• Prompt
In the records below, find the line with "using \<open>s <" and the line with "else 0) - (if"; return exactly those lines and every line between them.

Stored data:
* * * *

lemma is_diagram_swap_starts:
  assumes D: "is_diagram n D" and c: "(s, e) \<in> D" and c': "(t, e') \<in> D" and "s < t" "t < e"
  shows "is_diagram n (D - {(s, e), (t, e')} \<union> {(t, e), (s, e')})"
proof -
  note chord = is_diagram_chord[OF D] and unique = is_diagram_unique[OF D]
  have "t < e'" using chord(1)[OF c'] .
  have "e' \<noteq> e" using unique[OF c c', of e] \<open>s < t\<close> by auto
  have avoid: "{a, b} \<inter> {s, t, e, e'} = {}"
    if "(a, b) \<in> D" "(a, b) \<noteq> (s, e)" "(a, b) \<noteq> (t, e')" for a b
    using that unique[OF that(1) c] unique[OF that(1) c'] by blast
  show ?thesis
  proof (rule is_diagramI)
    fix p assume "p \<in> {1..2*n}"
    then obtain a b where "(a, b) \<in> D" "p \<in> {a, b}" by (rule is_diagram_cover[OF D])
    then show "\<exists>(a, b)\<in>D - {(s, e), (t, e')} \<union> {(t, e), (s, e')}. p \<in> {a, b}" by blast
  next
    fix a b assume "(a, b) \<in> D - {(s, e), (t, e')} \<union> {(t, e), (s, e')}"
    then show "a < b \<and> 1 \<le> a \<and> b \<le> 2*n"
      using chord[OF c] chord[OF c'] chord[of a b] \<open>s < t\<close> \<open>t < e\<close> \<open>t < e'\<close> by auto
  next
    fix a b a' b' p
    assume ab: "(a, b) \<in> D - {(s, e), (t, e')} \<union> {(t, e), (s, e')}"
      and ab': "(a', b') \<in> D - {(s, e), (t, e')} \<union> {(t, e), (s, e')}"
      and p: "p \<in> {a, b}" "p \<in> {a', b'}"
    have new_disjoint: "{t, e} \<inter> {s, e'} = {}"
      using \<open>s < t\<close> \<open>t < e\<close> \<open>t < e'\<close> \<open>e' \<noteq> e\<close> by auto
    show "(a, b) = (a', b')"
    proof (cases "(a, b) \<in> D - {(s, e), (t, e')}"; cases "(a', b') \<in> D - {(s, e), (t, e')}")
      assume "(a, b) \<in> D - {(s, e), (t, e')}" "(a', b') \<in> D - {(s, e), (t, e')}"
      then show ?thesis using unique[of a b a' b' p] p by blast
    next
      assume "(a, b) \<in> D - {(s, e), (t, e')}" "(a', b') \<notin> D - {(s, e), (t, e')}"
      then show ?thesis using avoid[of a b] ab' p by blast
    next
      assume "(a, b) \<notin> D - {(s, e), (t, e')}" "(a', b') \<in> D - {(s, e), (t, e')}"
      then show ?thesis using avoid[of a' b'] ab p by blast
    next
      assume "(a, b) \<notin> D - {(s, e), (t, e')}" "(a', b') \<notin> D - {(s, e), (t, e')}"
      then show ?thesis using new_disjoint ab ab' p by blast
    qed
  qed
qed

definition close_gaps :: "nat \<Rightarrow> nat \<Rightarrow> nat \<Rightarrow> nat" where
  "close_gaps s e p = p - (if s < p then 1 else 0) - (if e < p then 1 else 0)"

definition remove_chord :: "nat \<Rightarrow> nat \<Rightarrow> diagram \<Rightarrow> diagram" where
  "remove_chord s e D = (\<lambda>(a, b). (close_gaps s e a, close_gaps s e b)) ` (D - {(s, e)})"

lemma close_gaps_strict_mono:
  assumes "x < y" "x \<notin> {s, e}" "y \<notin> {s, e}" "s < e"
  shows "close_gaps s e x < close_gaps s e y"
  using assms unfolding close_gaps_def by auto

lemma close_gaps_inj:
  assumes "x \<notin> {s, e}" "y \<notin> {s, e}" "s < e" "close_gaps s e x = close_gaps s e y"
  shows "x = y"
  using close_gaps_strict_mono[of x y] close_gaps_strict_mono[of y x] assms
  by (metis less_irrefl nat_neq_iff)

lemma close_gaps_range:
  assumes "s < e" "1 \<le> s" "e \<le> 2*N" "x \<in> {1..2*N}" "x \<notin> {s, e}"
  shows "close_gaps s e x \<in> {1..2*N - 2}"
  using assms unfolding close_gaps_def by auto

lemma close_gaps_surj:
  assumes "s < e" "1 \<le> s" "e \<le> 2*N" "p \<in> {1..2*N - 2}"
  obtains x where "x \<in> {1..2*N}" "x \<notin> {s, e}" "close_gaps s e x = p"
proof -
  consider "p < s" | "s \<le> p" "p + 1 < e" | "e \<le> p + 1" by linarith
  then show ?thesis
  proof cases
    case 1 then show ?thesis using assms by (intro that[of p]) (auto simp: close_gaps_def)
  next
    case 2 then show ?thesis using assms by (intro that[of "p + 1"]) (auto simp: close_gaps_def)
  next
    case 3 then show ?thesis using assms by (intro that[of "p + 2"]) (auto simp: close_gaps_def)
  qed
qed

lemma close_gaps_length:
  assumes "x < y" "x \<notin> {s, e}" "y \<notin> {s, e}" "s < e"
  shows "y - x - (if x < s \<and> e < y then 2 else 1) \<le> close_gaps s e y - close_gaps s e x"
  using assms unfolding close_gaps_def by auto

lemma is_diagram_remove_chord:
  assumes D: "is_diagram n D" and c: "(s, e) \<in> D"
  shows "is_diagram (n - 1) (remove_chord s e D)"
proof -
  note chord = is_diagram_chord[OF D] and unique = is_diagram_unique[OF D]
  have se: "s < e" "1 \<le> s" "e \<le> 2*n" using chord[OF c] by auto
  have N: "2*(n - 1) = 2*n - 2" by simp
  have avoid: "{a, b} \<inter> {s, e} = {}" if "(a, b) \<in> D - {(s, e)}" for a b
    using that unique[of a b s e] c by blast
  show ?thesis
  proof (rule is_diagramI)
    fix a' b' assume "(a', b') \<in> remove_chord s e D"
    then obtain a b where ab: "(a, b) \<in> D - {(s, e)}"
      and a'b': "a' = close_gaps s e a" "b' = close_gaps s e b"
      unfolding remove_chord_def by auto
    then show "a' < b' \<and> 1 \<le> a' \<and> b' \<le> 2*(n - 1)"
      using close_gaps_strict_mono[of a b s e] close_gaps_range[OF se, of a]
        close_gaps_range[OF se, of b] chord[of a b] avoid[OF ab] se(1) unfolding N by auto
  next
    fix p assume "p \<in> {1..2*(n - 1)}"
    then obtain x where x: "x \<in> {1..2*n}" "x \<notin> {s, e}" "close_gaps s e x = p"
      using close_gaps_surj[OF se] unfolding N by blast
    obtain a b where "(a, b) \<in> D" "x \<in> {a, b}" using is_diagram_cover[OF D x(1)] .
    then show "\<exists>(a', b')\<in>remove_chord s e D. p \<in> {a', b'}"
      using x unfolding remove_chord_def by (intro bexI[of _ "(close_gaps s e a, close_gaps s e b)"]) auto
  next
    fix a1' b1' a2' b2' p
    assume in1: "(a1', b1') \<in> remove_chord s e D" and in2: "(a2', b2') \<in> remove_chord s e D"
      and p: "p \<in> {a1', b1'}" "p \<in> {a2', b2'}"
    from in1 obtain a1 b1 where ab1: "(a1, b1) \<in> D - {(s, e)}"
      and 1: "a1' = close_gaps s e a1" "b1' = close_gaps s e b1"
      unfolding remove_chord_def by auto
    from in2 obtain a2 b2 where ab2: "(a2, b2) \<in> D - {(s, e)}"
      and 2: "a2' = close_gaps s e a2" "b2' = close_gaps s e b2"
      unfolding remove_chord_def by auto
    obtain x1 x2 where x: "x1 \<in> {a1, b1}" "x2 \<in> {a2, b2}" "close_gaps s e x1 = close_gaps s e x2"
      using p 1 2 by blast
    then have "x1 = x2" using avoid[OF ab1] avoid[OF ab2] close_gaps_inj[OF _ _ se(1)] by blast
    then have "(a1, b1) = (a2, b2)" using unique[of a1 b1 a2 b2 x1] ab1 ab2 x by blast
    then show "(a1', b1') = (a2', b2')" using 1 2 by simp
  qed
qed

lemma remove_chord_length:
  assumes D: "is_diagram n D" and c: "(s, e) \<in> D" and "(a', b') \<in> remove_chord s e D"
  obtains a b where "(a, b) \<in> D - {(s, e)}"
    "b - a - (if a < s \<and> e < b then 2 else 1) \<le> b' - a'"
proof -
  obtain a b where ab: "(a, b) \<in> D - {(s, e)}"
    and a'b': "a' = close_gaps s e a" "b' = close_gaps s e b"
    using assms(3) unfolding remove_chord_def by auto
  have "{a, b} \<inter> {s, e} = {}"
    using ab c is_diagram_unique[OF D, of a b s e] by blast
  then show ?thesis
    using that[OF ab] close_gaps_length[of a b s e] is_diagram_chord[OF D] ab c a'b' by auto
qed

* * * *

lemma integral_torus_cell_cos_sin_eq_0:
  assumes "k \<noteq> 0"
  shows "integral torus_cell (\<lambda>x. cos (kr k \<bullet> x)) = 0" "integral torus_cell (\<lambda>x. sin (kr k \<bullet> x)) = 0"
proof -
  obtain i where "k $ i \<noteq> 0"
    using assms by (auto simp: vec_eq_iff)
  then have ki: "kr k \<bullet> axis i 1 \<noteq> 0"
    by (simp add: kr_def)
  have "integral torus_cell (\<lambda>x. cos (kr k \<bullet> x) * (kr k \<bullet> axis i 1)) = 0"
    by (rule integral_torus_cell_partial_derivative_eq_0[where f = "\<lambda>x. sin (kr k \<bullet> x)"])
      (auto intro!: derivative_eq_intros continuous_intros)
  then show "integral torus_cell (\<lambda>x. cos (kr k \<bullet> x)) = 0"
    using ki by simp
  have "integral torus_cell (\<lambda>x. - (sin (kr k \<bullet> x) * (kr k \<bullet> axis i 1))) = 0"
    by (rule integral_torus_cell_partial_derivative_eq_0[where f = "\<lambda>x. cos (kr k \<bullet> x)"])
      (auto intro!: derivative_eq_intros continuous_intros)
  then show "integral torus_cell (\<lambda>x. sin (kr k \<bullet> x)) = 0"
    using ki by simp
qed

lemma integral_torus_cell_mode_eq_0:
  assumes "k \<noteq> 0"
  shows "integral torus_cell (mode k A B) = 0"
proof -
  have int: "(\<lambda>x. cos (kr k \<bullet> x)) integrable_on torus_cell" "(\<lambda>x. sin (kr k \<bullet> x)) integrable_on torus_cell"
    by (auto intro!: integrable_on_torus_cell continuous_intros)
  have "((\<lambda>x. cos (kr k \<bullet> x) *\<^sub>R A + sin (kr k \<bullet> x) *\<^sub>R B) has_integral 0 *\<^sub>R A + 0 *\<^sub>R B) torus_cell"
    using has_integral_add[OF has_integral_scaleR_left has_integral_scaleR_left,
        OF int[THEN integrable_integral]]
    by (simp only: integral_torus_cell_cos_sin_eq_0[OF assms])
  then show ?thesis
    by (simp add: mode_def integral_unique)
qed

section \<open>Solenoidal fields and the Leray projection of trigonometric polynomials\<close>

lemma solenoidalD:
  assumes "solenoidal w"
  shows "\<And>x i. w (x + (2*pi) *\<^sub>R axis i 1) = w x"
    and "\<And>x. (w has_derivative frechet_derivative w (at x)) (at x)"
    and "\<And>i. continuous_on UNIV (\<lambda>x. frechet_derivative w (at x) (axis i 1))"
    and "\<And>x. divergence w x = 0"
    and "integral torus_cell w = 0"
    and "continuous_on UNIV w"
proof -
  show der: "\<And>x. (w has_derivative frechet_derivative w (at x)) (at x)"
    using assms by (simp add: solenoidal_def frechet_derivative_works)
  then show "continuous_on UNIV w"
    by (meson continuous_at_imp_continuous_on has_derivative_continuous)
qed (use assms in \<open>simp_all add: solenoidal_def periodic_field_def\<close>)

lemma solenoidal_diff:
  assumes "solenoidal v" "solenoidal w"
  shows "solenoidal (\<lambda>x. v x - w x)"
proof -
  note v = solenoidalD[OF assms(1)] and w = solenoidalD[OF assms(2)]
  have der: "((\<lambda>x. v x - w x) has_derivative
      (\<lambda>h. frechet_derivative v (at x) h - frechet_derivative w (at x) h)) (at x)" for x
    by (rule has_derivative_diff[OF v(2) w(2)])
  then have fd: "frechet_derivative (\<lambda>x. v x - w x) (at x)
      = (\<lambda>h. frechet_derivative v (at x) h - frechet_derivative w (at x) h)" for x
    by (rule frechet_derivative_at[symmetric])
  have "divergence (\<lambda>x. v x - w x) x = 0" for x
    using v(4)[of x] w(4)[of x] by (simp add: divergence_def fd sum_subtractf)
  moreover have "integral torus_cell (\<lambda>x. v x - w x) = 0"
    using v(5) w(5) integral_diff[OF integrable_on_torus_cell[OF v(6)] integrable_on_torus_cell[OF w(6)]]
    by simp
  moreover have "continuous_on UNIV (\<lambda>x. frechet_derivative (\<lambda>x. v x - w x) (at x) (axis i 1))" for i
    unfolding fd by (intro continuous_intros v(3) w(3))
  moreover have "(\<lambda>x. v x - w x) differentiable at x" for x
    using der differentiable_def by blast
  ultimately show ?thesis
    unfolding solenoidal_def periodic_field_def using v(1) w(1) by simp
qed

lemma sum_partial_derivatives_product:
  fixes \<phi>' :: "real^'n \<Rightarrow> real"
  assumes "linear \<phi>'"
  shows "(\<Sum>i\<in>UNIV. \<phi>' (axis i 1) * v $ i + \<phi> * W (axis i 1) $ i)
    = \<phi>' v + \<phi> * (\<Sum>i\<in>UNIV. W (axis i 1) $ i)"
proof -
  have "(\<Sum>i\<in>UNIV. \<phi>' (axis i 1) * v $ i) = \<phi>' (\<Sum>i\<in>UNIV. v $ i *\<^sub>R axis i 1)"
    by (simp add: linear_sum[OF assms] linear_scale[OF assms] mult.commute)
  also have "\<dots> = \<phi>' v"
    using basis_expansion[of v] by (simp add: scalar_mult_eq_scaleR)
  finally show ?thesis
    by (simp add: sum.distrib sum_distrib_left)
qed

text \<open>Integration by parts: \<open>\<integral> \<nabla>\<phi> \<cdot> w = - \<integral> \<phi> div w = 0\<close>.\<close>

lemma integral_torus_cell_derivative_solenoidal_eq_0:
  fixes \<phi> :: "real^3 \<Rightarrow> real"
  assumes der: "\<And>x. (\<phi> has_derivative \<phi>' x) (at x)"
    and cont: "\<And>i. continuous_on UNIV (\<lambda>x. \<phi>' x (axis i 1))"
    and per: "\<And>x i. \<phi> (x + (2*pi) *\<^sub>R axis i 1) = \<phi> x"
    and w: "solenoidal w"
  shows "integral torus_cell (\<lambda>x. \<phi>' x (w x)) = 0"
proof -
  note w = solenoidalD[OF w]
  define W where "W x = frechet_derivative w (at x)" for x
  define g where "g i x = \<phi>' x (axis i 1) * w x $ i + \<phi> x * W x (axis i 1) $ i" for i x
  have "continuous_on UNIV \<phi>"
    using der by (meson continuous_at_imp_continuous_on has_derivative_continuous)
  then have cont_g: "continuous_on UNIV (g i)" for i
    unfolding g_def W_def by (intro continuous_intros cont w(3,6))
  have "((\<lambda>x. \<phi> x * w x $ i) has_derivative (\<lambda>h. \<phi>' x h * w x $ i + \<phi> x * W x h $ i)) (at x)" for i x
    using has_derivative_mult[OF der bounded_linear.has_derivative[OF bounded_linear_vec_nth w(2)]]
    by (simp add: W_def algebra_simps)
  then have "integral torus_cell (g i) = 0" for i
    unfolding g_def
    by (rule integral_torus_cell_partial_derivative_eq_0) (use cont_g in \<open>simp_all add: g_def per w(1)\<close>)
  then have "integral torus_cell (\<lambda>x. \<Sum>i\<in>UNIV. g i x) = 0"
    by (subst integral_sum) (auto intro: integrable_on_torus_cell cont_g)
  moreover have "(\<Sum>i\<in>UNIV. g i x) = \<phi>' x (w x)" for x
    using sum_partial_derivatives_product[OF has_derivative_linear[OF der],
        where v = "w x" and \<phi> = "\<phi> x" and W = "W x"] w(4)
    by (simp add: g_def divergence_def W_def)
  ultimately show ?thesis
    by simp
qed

* * * *

• Task output
      using \<open>s < t\<close> \<open>t < e\<close> \<open>t < e'\<close> \<open>e' \<noteq> e\<close> by auto
    show "(a, b) = (a', b')"
    proof (cases "(a, b) \<in> D - {(s, e), (t, e')}"; cases "(a', b') \<in> D - {(s, e), (t, e')}")
      assume "(a, b) \<in> D - {(s, e), (t, e')}" "(a', b') \<in> D - {(s, e), (t, e')}"
      then show ?thesis using unique[of a b a' b' p] p by blast
    next
      assume "(a, b) \<in> D - {(s, e), (t, e')}" "(a', b') \<notin> D - {(s, e), (t, e')}"
      then show ?thesis using avoid[of a b] ab' p by blast
    next
      assume "(a, b) \<notin> D - {(s, e), (t, e')}" "(a', b') \<in> D - {(s, e), (t, e')}"
      then show ?thesis using avoid[of a' b'] ab p by blast
    next
      assume "(a, b) \<notin> D - {(s, e), (t, e')}" "(a', b') \<notin> D - {(s, e), (t, e')}"
      then show ?thesis using new_disjoint ab ab' p by blast
    qed
  qed
qed

definition close_gaps :: "nat \<Rightarrow> nat \<Rightarrow> nat \<Rightarrow> nat" where
  "close_gaps s e p = p - (if s < p then 1 else 0) - (if e < p then 1 else 0)"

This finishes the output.